* [Action item]: Range to reproduce from the entries below: the line with "obtain u' v'", the line with "using assms massoc_sym unfolding", and every line in between. Give them exactly and give nothing else.

☆ ☆ ☆ ☆

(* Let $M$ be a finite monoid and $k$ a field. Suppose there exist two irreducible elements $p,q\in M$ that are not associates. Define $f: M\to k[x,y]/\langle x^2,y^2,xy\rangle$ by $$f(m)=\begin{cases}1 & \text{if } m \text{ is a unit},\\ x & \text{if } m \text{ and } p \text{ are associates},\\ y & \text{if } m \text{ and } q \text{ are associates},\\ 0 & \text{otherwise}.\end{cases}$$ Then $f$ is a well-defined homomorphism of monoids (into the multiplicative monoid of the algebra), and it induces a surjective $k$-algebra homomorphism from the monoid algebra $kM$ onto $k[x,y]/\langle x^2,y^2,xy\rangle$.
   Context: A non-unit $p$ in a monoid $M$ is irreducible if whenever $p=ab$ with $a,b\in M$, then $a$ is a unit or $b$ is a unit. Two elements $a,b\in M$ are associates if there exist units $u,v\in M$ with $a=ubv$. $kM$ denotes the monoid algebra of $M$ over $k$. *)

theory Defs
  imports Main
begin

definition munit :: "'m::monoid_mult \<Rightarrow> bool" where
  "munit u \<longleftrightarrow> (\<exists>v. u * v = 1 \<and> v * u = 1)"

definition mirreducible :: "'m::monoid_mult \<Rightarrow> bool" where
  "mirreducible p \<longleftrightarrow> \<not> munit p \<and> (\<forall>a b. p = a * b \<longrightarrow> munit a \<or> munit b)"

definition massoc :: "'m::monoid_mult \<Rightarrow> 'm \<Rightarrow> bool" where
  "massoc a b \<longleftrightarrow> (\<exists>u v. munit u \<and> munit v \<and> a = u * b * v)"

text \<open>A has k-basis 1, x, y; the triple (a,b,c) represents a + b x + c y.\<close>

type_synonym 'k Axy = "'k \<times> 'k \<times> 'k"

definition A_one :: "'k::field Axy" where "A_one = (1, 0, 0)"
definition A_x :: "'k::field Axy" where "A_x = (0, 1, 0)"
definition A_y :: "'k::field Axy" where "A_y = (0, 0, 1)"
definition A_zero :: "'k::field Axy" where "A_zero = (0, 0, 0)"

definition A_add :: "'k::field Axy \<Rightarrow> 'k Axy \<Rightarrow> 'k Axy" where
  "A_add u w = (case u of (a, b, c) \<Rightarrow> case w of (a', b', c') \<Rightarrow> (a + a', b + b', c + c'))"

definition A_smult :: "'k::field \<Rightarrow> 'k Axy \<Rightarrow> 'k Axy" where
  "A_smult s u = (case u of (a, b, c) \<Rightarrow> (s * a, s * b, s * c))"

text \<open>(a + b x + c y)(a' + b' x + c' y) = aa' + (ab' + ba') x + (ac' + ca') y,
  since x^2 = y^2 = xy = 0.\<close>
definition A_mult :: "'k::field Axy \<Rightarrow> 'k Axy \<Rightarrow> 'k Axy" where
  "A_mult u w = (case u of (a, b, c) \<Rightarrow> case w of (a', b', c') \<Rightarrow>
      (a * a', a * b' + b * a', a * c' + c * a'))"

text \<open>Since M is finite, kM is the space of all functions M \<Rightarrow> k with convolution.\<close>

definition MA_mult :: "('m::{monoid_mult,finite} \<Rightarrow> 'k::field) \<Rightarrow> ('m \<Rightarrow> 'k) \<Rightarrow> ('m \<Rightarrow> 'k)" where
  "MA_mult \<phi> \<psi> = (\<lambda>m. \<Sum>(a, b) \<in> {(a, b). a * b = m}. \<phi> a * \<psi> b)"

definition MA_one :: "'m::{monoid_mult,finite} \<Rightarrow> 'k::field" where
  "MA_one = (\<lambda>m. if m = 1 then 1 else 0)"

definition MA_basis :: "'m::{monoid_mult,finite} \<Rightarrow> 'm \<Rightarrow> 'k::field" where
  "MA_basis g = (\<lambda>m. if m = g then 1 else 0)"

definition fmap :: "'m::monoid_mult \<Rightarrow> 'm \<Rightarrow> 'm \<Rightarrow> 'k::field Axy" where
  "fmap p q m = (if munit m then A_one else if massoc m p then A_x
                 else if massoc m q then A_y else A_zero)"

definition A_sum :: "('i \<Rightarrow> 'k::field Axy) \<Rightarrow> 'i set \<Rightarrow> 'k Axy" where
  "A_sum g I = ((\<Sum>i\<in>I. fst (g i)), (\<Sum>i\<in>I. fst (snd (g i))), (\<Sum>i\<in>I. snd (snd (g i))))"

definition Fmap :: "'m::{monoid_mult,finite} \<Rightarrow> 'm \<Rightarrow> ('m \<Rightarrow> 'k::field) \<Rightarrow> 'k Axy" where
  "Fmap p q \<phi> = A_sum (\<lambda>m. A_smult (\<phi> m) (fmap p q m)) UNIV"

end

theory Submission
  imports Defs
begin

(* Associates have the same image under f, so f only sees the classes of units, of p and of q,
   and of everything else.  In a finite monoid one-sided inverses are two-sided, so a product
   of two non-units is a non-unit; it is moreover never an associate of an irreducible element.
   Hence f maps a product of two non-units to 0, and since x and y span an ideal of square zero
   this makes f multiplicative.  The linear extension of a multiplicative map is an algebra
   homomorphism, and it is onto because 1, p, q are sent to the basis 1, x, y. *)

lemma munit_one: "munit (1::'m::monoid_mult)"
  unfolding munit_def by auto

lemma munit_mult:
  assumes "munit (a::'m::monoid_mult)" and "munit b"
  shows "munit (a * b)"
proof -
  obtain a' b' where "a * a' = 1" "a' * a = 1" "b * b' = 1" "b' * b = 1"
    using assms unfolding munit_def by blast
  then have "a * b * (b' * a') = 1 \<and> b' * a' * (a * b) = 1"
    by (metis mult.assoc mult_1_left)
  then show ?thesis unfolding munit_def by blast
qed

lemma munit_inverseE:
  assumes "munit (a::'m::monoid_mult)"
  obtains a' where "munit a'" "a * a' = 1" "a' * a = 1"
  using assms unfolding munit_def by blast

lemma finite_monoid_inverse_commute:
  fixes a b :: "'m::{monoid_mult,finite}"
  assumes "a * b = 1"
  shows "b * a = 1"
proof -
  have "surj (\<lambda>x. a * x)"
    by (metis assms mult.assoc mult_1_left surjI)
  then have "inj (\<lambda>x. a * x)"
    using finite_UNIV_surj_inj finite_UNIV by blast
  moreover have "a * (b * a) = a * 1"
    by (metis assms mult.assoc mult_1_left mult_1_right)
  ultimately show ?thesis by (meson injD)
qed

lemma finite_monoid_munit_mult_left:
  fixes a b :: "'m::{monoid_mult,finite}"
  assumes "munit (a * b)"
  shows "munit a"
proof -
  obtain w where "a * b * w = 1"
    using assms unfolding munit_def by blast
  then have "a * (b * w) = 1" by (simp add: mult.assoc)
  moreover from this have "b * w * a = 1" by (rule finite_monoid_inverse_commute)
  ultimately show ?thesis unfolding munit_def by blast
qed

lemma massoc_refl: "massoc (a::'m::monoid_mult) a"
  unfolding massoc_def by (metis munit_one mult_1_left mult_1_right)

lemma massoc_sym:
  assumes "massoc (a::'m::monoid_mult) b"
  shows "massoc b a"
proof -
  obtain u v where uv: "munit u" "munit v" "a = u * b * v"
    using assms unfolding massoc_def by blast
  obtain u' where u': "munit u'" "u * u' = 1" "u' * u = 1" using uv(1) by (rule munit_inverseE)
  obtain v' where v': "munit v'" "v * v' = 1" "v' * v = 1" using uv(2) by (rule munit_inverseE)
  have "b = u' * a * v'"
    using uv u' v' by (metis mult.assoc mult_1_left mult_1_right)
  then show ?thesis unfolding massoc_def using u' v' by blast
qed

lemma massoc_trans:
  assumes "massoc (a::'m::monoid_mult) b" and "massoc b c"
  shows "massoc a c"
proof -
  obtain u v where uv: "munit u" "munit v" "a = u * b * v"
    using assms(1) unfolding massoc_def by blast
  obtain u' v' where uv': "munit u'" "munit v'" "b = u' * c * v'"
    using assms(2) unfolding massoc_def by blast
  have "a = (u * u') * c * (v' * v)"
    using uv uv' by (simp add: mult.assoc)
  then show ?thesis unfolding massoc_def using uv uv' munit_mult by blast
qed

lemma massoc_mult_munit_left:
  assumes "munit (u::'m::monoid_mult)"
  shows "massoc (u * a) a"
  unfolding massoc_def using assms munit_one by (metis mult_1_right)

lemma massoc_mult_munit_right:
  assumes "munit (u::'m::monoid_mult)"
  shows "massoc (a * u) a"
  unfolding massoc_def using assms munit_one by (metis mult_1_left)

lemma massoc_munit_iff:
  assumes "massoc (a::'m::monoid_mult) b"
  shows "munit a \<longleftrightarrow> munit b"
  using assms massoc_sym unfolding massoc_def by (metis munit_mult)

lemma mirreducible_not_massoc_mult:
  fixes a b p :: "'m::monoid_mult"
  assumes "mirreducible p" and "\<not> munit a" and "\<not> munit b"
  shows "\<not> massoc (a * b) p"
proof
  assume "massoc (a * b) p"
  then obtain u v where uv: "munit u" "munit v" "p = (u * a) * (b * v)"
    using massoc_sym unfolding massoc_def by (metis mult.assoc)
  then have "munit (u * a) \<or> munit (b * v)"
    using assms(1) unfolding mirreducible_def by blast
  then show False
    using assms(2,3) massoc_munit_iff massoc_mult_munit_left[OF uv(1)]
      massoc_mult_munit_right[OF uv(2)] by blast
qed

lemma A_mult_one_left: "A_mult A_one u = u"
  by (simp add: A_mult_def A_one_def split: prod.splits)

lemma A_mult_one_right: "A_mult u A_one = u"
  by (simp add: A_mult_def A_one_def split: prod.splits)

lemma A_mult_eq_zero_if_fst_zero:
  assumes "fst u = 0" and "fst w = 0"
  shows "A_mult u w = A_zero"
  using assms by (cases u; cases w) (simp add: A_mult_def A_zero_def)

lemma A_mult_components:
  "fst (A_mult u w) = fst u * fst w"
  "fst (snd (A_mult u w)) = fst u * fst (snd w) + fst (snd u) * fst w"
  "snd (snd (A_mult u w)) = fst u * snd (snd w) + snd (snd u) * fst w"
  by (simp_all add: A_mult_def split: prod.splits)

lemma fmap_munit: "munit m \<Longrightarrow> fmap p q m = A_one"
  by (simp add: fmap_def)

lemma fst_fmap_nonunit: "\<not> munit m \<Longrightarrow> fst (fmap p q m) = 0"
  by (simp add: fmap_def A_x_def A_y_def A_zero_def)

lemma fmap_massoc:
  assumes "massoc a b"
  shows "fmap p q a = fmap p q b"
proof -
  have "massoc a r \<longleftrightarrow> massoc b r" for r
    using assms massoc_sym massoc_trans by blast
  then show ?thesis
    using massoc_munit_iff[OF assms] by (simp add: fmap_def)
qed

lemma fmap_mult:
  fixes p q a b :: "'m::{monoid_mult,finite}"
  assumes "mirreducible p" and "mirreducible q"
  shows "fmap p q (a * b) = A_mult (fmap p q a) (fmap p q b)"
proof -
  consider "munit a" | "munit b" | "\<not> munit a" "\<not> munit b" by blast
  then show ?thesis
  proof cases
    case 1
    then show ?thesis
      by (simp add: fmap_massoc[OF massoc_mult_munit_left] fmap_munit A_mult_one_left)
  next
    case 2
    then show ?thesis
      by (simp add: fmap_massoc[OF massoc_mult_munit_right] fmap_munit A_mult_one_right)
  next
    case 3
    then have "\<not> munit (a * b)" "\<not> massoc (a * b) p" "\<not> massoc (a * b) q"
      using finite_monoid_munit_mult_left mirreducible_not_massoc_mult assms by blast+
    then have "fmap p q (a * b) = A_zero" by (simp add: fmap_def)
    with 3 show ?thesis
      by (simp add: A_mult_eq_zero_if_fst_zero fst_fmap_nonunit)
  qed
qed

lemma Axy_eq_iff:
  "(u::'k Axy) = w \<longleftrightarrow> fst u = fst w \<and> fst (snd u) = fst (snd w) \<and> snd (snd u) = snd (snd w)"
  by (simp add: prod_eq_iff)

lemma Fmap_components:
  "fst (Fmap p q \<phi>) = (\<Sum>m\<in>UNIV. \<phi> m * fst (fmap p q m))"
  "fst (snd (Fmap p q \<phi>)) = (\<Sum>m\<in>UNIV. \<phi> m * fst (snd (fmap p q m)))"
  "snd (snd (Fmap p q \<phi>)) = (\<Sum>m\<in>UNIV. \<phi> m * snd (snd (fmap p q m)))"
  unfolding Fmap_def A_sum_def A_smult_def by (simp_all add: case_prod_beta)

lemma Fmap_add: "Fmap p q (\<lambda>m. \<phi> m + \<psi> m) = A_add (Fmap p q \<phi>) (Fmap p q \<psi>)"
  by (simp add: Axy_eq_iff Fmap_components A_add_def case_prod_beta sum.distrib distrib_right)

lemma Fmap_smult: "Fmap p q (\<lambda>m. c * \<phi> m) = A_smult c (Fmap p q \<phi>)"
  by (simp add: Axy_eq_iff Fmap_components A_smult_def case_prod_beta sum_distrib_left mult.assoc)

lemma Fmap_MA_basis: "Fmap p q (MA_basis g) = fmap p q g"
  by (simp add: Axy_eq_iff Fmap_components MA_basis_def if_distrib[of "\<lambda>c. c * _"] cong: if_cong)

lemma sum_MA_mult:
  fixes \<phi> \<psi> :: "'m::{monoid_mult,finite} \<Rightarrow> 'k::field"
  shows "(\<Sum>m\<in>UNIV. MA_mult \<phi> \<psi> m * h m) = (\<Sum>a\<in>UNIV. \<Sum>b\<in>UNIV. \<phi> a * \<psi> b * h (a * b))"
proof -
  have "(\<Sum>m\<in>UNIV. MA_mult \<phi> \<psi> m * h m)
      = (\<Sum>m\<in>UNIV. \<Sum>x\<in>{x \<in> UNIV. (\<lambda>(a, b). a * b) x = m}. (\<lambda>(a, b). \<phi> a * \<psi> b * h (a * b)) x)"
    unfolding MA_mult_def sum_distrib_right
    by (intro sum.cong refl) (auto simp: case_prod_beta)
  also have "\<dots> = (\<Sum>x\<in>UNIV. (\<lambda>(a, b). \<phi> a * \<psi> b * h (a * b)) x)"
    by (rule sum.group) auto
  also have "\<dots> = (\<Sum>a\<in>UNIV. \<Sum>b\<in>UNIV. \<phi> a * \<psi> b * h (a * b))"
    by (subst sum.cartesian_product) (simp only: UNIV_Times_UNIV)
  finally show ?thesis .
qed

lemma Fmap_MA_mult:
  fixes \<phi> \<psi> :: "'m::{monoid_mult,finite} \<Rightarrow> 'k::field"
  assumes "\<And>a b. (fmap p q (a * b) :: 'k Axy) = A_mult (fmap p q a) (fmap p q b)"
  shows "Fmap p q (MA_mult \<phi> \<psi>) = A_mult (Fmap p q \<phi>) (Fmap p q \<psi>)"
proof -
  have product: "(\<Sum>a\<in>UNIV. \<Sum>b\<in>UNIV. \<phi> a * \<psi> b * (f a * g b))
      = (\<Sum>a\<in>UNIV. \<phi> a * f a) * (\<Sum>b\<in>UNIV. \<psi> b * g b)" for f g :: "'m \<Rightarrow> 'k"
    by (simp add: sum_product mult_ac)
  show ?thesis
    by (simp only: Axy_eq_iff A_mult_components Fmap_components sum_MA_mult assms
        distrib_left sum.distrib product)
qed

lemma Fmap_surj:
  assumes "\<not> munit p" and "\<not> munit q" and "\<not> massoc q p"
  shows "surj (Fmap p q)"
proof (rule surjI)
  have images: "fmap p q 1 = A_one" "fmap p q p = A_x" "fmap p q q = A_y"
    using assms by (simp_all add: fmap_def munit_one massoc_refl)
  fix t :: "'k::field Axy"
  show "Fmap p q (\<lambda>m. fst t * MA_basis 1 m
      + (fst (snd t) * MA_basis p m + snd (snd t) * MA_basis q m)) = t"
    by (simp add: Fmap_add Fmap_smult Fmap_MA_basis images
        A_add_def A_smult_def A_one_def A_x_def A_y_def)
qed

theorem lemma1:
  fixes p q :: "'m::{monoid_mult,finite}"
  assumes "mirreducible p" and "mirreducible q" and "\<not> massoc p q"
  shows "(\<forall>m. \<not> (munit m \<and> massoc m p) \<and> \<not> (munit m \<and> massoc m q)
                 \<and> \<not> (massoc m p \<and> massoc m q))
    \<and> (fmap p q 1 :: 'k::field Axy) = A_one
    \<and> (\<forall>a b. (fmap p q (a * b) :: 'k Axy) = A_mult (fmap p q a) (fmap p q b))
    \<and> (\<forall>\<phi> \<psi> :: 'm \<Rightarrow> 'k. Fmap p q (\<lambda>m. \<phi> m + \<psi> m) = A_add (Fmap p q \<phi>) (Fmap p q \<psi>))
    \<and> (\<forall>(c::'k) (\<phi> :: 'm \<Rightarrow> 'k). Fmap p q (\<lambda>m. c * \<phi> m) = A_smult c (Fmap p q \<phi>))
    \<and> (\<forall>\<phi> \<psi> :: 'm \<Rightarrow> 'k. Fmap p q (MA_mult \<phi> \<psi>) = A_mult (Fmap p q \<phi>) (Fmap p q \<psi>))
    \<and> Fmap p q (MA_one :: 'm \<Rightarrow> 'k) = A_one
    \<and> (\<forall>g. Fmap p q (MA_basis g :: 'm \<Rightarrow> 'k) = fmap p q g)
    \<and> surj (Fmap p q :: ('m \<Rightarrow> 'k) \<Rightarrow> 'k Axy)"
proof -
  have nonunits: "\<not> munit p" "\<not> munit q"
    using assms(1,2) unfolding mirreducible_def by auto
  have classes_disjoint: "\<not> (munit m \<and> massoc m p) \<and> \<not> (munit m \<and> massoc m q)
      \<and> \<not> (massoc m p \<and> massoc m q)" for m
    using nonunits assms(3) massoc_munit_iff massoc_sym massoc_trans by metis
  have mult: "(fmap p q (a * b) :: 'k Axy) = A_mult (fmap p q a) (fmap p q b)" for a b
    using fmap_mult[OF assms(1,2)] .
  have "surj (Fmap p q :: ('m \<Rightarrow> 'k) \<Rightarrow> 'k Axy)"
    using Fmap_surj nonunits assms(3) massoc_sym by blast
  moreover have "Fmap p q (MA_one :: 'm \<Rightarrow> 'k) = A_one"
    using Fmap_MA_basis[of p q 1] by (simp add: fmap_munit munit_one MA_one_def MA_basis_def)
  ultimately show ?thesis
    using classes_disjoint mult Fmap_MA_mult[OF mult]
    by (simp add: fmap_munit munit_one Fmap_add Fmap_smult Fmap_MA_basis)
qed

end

☆ ☆ ☆ ☆

* [Reply to the exercise]:
  obtain u' v' where uv': "munit u'" "munit v'" "b = u' * c * v'"
    using assms(2) unfolding massoc_def by blast
  have "a = (u * u') * c * (v' * v)"
    using uv uv' by (simp add: mult.assoc)
  then show ?thesis unfolding massoc_def using uv uv' munit_mult by blast
qed

lemma massoc_mult_munit_left:
  assumes "munit (u::'m::monoid_mult)"
  shows "massoc (u * a) a"
  unfolding massoc_def using assms munit_one by (metis mult_1_right)

lemma massoc_mult_munit_right:
  assumes "munit (u::'m::monoid_mult)"
  shows "massoc (a * u) a"
  unfolding massoc_def using assms munit_one by (metis mult_1_left)

lemma massoc_munit_iff:
  assumes "massoc (a::'m::monoid_mult) b"
  shows "munit a \<longleftrightarrow> munit b"
  using assms massoc_sym unfolding massoc_def by (metis munit_mult)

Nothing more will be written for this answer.